- Theatrical release poster
- Spanish: El jockey
- Directed by: Luis Ortega
- Written by: Fabian Casas Luis Ortega Rodolfo Palacios
- Produced by: Charlie Cohen Benjamín Doménech Santiago Gallelli Axel Kuschevatzky Paz Lázaro Isaac Lee Nando Vila Luis Ortega Esteban Perroud Matias Roveda Cindy Teperman
- Starring: Nahuel Pérez Biscayart; Úrsula Corberó; Daniel Giménez Cacho; Mariana di Girolamo;
- Cinematography: Timo Salminen
- Production companies: Rei Pictures; El Despacho; Infinity Hill; Exile Content;
- Distributed by: Star Distribution (Argentina); Caramel Films (Spain); Music Box Films (United States);
- Release dates: 29 August 2024 (Venice); 26 September 2024 (Argentina); 30 May 2025 (Spain); 2 July 2025 (United States);
- Running time: 96 minutes
- Countries: Argentina; Mexico; Spain; Denmark; United States;
- Language: Spanish
- Box office: $176,451

= Kill the Jockey =

2024 film directed by Luis Ortega

Kill the Jockey (El jockey) is a 2024 surrealist neo-noir psychological drama film co-written and directed by Luis Ortega, starring Nahuel Pérez Biscayart alongside Úrsula Corberó and Daniel Giménez Cacho.
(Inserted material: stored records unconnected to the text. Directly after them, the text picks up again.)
(* Let $X$ be a 1-reduced simplicial set, let $Q$ be a monoidal cubical set with multiplication written $(a,b)\mapsto a\cdot b$, and let $\tau=\{\tau_n:X_n\to Q_{n-1}\}_{n\ge 1}$ be a sequence of functions of degree $-1$. Let $f:{\bf \Omega}X\to Q$ be the monoidal map determined on words by $f(\bar x_1\cdots\bar x_k)=\tau(x_1)\cdots\tau(x_k)$. Then $\tau$ is a truncating twisting function if and only if $f$ is a map of cubical sets.
   Context: A simplicial set $X=\{X_n,\partial_i,s_i\}$ is 1-reduced if $X_0=X_1=\{*\}$. A cubical set $Q=\{Q_n\}_{n\ge0}$ has face operators $d_i^\epsilon:Q_n\to Q_{n-1}$ ($\epsilon=0,1$, $1\le i\le n$) and degeneracies $\eta_i:Q_n\to Q_{n+1}$ ($1\le i\le n+1$) satisfying the standard cubical identities. The product $Q\times Q'$ of cubical sets is $\bigcup_{p+q=n}Q_p\times Q'_q$ modulo $(\eta_{p+1}(a),b)\sim(a,\eta_1(b))$ with the obvious face and degeneracy operators; a monoidal cubical set is a cubical set $Q$ with an associative cubical map $Q\times Q\to Q$ having a unit $e\in Q_0$. A truncating twisting function is a sequence $\tau_n:X_n\to Q_{n-1}$, $n\ge1$, with: $\tau(x)=e$ for $x\in X_1$; $d_i^0\tau(x)=\tau(\partial_{i+1}\cdots\partial_n x)\cdot\tau(\partial_0\cdots\partial_{i-1}x)$ and $d_i^1\tau(x)=\tau(\partial_i x)$ for $1\le i\le n-1$, $x\in X_n$; and $\eta_n\tau(x)=\tau(s_n x)$ for $x\in X_n$. The monoidal cubical set ${\bf\Omega}X$: let $X^c$ be the graded set of formal expressions $\eta_{i_k}\cdots\eta_{i_1}(x)$, $x\in X_n$, $i_1\le\dots\le i_k$, $1\le i_j\le n+j-1$ (of degree $n+k$), containing $X$ ($k=0$). Let $\bar x$ denote the desuspension of $x\in X^c_{>0}$ (degree lowered by one). Let ${\bf\Omega}''X$ be the free graded monoid (without unit) on the $\bar x$, $x\in X^c_{>0}$, and ${\bf\Omega}'X$ its quotient by $\overline{\eta_{p+1}(x)}\cdot\bar y\sim\bar x\cdot\overline{\eta_1(y)}$ for $x\in X_{p+1}$, $y\in X$. For $x\in X_n$ set $d_i^0(\bar x)=\overline{\partial_{i+1}\cdots\partial_n x}\cdot\overline{\partial_0\cdots\partial_{i-1}x}$ and $d_i^1(\bar x)=\overline{\partial_i x}$, $1\le i\le n-1$, and $\eta_i(\bar x)=\overline{\eta_i(x)}$ (normalized). On a word $\bar x_1\cdots\bar x_k$ with $|\bar x_j|=m_j$, $m_{(q)}=m_1+\dots+m_q$, these operators act for $m_{(q-1)}<i\le m_{(q)}$ by applying the operator with index $i-m_{(q-1)}$ to the letter $\bar x_q$; the top degeneracy $\eta_n$ of a word of degree $n-1$ applies $\eta_{m_k+1}$ to the last letter; face operators are extended to degenerate elements so that the cubical identities hold. Finally ${\bf\Omega}X$ is the quotient of ${\bf\Omega}'X$ by $e\,a\sim a\,e\sim a$ where $e=\overline{s_0( * )}$, and $\eta_n(\bar x)\sim\overline{s_n(x)}$ for $x\in X_n$, $n>0$. It is a monoidal cubical set with unit $e$. *)

theory Defs
  imports Main
begin

text \<open>A simplicial set is a graded set: a carrier together with a dimension function;
  X_n is the set of elements of the carrier of dimension n.\<close>

record 'x sset =
  sc    :: "'x set"
  sdim  :: "'x \<Rightarrow> nat"
  sface :: "nat \<Rightarrow> 'x \<Rightarrow> 'x"
  sdeg  :: "nat \<Rightarrow> 'x \<Rightarrow> 'x"

definition simplicial_set :: "'x sset \<Rightarrow> bool" where
  "simplicial_set X \<longleftrightarrow>
     (\<forall>x\<in>sc X. \<forall>i. 0 < sdim X x \<and> i \<le> sdim X x \<longrightarrow>
         sface X i x \<in> sc X \<and> sdim X (sface X i x) = sdim X x - 1) \<and>
     (\<forall>x\<in>sc X. \<forall>i. i \<le> sdim X x \<longrightarrow>
         sdeg X i x \<in> sc X \<and> sdim X (sdeg X i x) = sdim X x + 1) \<and>
     (\<forall>x\<in>sc X. \<forall>i j. i < j \<and> j \<le> sdim X x \<and> 2 \<le> sdim X x \<longrightarrow>
         sface X i (sface X j x) = sface X (j - 1) (sface X i x)) \<and>
     (\<forall>x\<in>sc X. \<forall>i j. i \<le> j \<and> j \<le> sdim X x \<longrightarrow>
         sdeg X i (sdeg X j x) = sdeg X (Suc j) (sdeg X i x)) \<and>
     (\<forall>x\<in>sc X. \<forall>i j. i < j \<and> j \<le> sdim X x \<longrightarrow>
         sface X i (sdeg X j x) = sdeg X (j - 1) (sface X i x)) \<and>
     (\<forall>x\<in>sc X. \<forall>j. j \<le> sdim X x \<longrightarrow>
         sface X j (sdeg X j x) = x \<and> sface X (Suc j) (sdeg X j x) = x) \<and>
     (\<forall>x\<in>sc X. \<forall>i j. Suc j < i \<and> i \<le> Suc (sdim X x) \<longrightarrow>
         sface X i (sdeg X j x) = sdeg X j (sface X (i - 1) x))"

definition one_reduced :: "'x sset \<Rightarrow> bool" where
  "one_reduced X \<longleftrightarrow>
     (\<exists>a. {x\<in>sc X. sdim X x = 0} = {a}) \<and> (\<exists>b. {x\<in>sc X. sdim X x = 1} = {b})"

definition base_pt :: "'x sset \<Rightarrow> 'x" where
  "base_pt X = (THE a. a \<in> sc X \<and> sdim X a = 0)"

text \<open>back_faces X i x = \<partial>_{i+1} ... \<partial>_n x   (x in X_n; \<partial>_n applied first)\<close>
definition back_faces :: "'x sset \<Rightarrow> nat \<Rightarrow> 'x \<Rightarrow> 'x" where
  "back_faces X i x = foldr (sface X) [Suc i..<Suc (sdim X x)] x"

text \<open>front_faces X i x = \<partial>_0 ... \<partial>_{i-1} x   (\<partial>_{i-1} applied first)\<close>
definition front_faces :: "'x sset \<Rightarrow> nat \<Rightarrow> 'x \<Rightarrow> 'x" where
  "front_faces X i x = foldr (sface X) [0..<i] x"

text \<open>Graded carrier; faces d_i^eps (eps = False for 0, True for 1), 1 <= i <= n,
  and degeneracies eta_i, 1 <= i <= n+1, on Q_n.\<close>

record 'q cset =
  cc    :: "'q set"
  cdim  :: "'q \<Rightarrow> nat"
  cface :: "nat \<Rightarrow> bool \<Rightarrow> 'q \<Rightarrow> 'q"
  cdeg  :: "nat \<Rightarrow> 'q \<Rightarrow> 'q"

record 'q mcset = "'q cset" +
  cmult :: "'q \<Rightarrow> 'q \<Rightarrow> 'q"
  cunit :: "'q"

definition cubical_set :: "('q, 'z) cset_scheme \<Rightarrow> bool" where
  "cubical_set Q \<longleftrightarrow>
     (\<forall>a\<in>cc Q. \<forall>i \<epsilon>. 1 \<le> i \<and> i \<le> cdim Q a \<longrightarrow>
         cface Q i \<epsilon> a \<in> cc Q \<and> cdim Q (cface Q i \<epsilon> a) = cdim Q a - 1) \<and>
     (\<forall>a\<in>cc Q. \<forall>i. 1 \<le> i \<and> i \<le> Suc (cdim Q a) \<longrightarrow>
         cdeg Q i a \<in> cc Q \<and> cdim Q (cdeg Q i a) = Suc (cdim Q a)) \<and>
     (\<forall>a\<in>cc Q. \<forall>i j \<epsilon> \<omega>. 1 \<le> i \<and> i < j \<and> j \<le> cdim Q a \<longrightarrow>
         cface Q i \<epsilon> (cface Q j \<omega> a) = cface Q (j - 1) \<omega> (cface Q i \<epsilon> a)) \<and>
     (\<forall>a\<in>cc Q. \<forall>i j. 1 \<le> i \<and> i \<le> j \<and> j \<le> Suc (cdim Q a) \<longrightarrow>
         cdeg Q i (cdeg Q j a) = cdeg Q (Suc j) (cdeg Q i a)) \<and>
     (\<forall>a\<in>cc Q. \<forall>i j \<epsilon>. 1 \<le> i \<and> i < j \<and> j \<le> Suc (cdim Q a) \<longrightarrow>
         cface Q i \<epsilon> (cdeg Q j a) = cdeg Q (j - 1) (cface Q i \<epsilon> a)) \<and>
     (\<forall>a\<in>cc Q. \<forall>j \<epsilon>. 1 \<le> j \<and> j \<le> Suc (cdim Q a) \<longrightarrow>
         cface Q j \<epsilon> (cdeg Q j a) = a) \<and>
     (\<forall>a\<in>cc Q. \<forall>i j \<epsilon>. 1 \<le> j \<and> j < i \<and> i \<le> Suc (cdim Q a) \<longrightarrow>
         cface Q i \<epsilon> (cdeg Q j a) = cdeg Q j (cface Q (i - 1) \<epsilon> a))"

text \<open>Monoidal cubical set: an associative unital multiplication Q x Q -> Q which is a
  cubical map from the product cubical set (faces/degeneracies of (a,b) with a in Q_p act on a
  for indices <= p (resp. <= p+1) and on b with shifted index otherwise; the identification
  (eta_{p+1} a, b) ~ (a, eta_1 b) is then respected automatically).\<close>

definition monoidal_cubical_set :: "'q mcset \<Rightarrow> bool" where
  "monoidal_cubical_set Q \<longleftrightarrow> cubical_set Q \<and>
     cunit Q \<in> cc Q \<and> cdim Q (cunit Q) = 0 \<and>
     (\<forall>a\<in>cc Q. \<forall>b\<in>cc Q. cmult Q a b \<in> cc Q \<and> cdim Q (cmult Q a b) = cdim Q a + cdim Q b) \<and>
     (\<forall>a\<in>cc Q. \<forall>b\<in>cc Q. \<forall>c\<in>cc Q. cmult Q (cmult Q a b) c = cmult Q a (cmult Q b c)) \<and>
     (\<forall>a\<in>cc Q. cmult Q (cunit Q) a = a \<and> cmult Q a (cunit Q) = a) \<and>
     (\<forall>a\<in>cc Q. \<forall>b\<in>cc Q. \<forall>i \<epsilon>. 1 \<le> i \<and> i \<le> cdim Q a \<longrightarrow>
         cmult Q (cface Q i \<epsilon> a) b = cface Q i \<epsilon> (cmult Q a b)) \<and>
     (\<forall>a\<in>cc Q. \<forall>b\<in>cc Q. \<forall>i \<epsilon>. 1 \<le> i \<and> i \<le> cdim Q b \<longrightarrow>
         cmult Q a (cface Q i \<epsilon> b) = cface Q (cdim Q a + i) \<epsilon> (cmult Q a b)) \<and>
     (\<forall>a\<in>cc Q. \<forall>b\<in>cc Q. \<forall>i. 1 \<le> i \<and> i \<le> Suc (cdim Q a) \<longrightarrow>
         cmult Q (cdeg Q i a) b = cdeg Q i (cmult Q a b)) \<and>
     (\<forall>a\<in>cc Q. \<forall>b\<in>cc Q. \<forall>i. 1 \<le> i \<and> i \<le> Suc (cdim Q b) \<longrightarrow>
         cmult Q a (cdeg Q i b) = cdeg Q (cdim Q a + i) (cmult Q a b))"

definition truncating_twisting ::
  "'x sset \<Rightarrow> 'q mcset \<Rightarrow> ('x \<Rightarrow> 'q) \<Rightarrow> bool" where
  "truncating_twisting X Q \<tau> \<longleftrightarrow>
     (\<forall>x\<in>sc X. sdim X x = 1 \<longrightarrow> \<tau> x = cunit Q) \<and>
     (\<forall>x\<in>sc X. \<forall>i. 1 \<le> i \<and> i \<le> sdim X x - 1 \<longrightarrow>
         cface Q i False (\<tau> x) = cmult Q (\<tau> (back_faces X i x)) (\<tau> (front_faces X i x))) \<and>
     (\<forall>x\<in>sc X. \<forall>i. 1 \<le> i \<and> i \<le> sdim X x - 1 \<longrightarrow>
         cface Q i True (\<tau> x) = \<tau> (sface X i x)) \<and>
     (\<forall>x\<in>sc X. 1 \<le> sdim X x \<longrightarrow> cdeg Q (sdim X x) (\<tau> x) = \<tau> (sdeg X (sdim X x) x))"

section \<open>The monoidal cubical set Omega X, via representatives\<close>

text \<open>A letter (x, is) stands for the desuspension of the formal degenerate expression
  eta_{i_k} ... eta_{i_1}(x), where is = [i_k, ..., i_1] (outermost degeneracy first).
  A word is a nonempty list of letters (element of the free monoid Omega''X).\<close>

type_synonym 'x letter = "'x \<times> nat list"
type_synonym 'x word = "'x letter list"

text \<open>Apply the formal degeneracy eta_j to a normalized index list and renormalize using
  eta_i eta_j = eta_{j+1} eta_i (i <= j).\<close>
fun ins_deg :: "nat \<Rightarrow> nat list \<Rightarrow> nat list" where
  "ins_deg j [] = [j]"
| "ins_deg j (i # is) = (if j \<le> i then Suc i # ins_deg j is else j # i # is)"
The film premiered at the 81st Venice International Film Festival, where it competed for the Golden Lion and the Queer Lion. The film was selected as the Argentine entry for Best International Feature Film at the 97th Academy Awards, but was not nominated.

== Premise ==
Jockeys Abril and Remo race for a powerful mobster named Sirena until Remo accidentally kills a valuable race horse. Abril must find Remo in Buenos Aires and bring him to safety before Sirena tracks him down.

== Release ==
In July 2024, Kill the Jockey was announced as a main competition entry at that year's Venice International Film Festival. The film was also selected for screenings in the Centrepiece section of the 2024 Toronto International Film Festival and in the Horizontes Latinos section of the 72nd San Sebastián International Film Festival.

The film has been selected for the MAMI Mumbai Film Festival 2024 under the World Cinema section.

Latin American distribution rights for Kill the Jockey were acquired by Star Distribution in August 2024. The film debuted theatrically in Argentina on 26 September 2024, followed by a streaming release in Latin America on Disney+. It is scheduled to be released theatrically in Spain by Caramel Films on 30 May 2025. The film is scheduled to be released in the United States on 2 July 2025.

== Reception ==
 Metacritic, which uses a weighted average, assigned the film a score of 67 out of 100, based on 6 critics, indicating "generally favorable" reviews.

Leslie Felperin of The Hollywood Reporter said the film, described as an "equestrian-themed psychological thriller-comedy-whatsit," was "heavy on style, light on character".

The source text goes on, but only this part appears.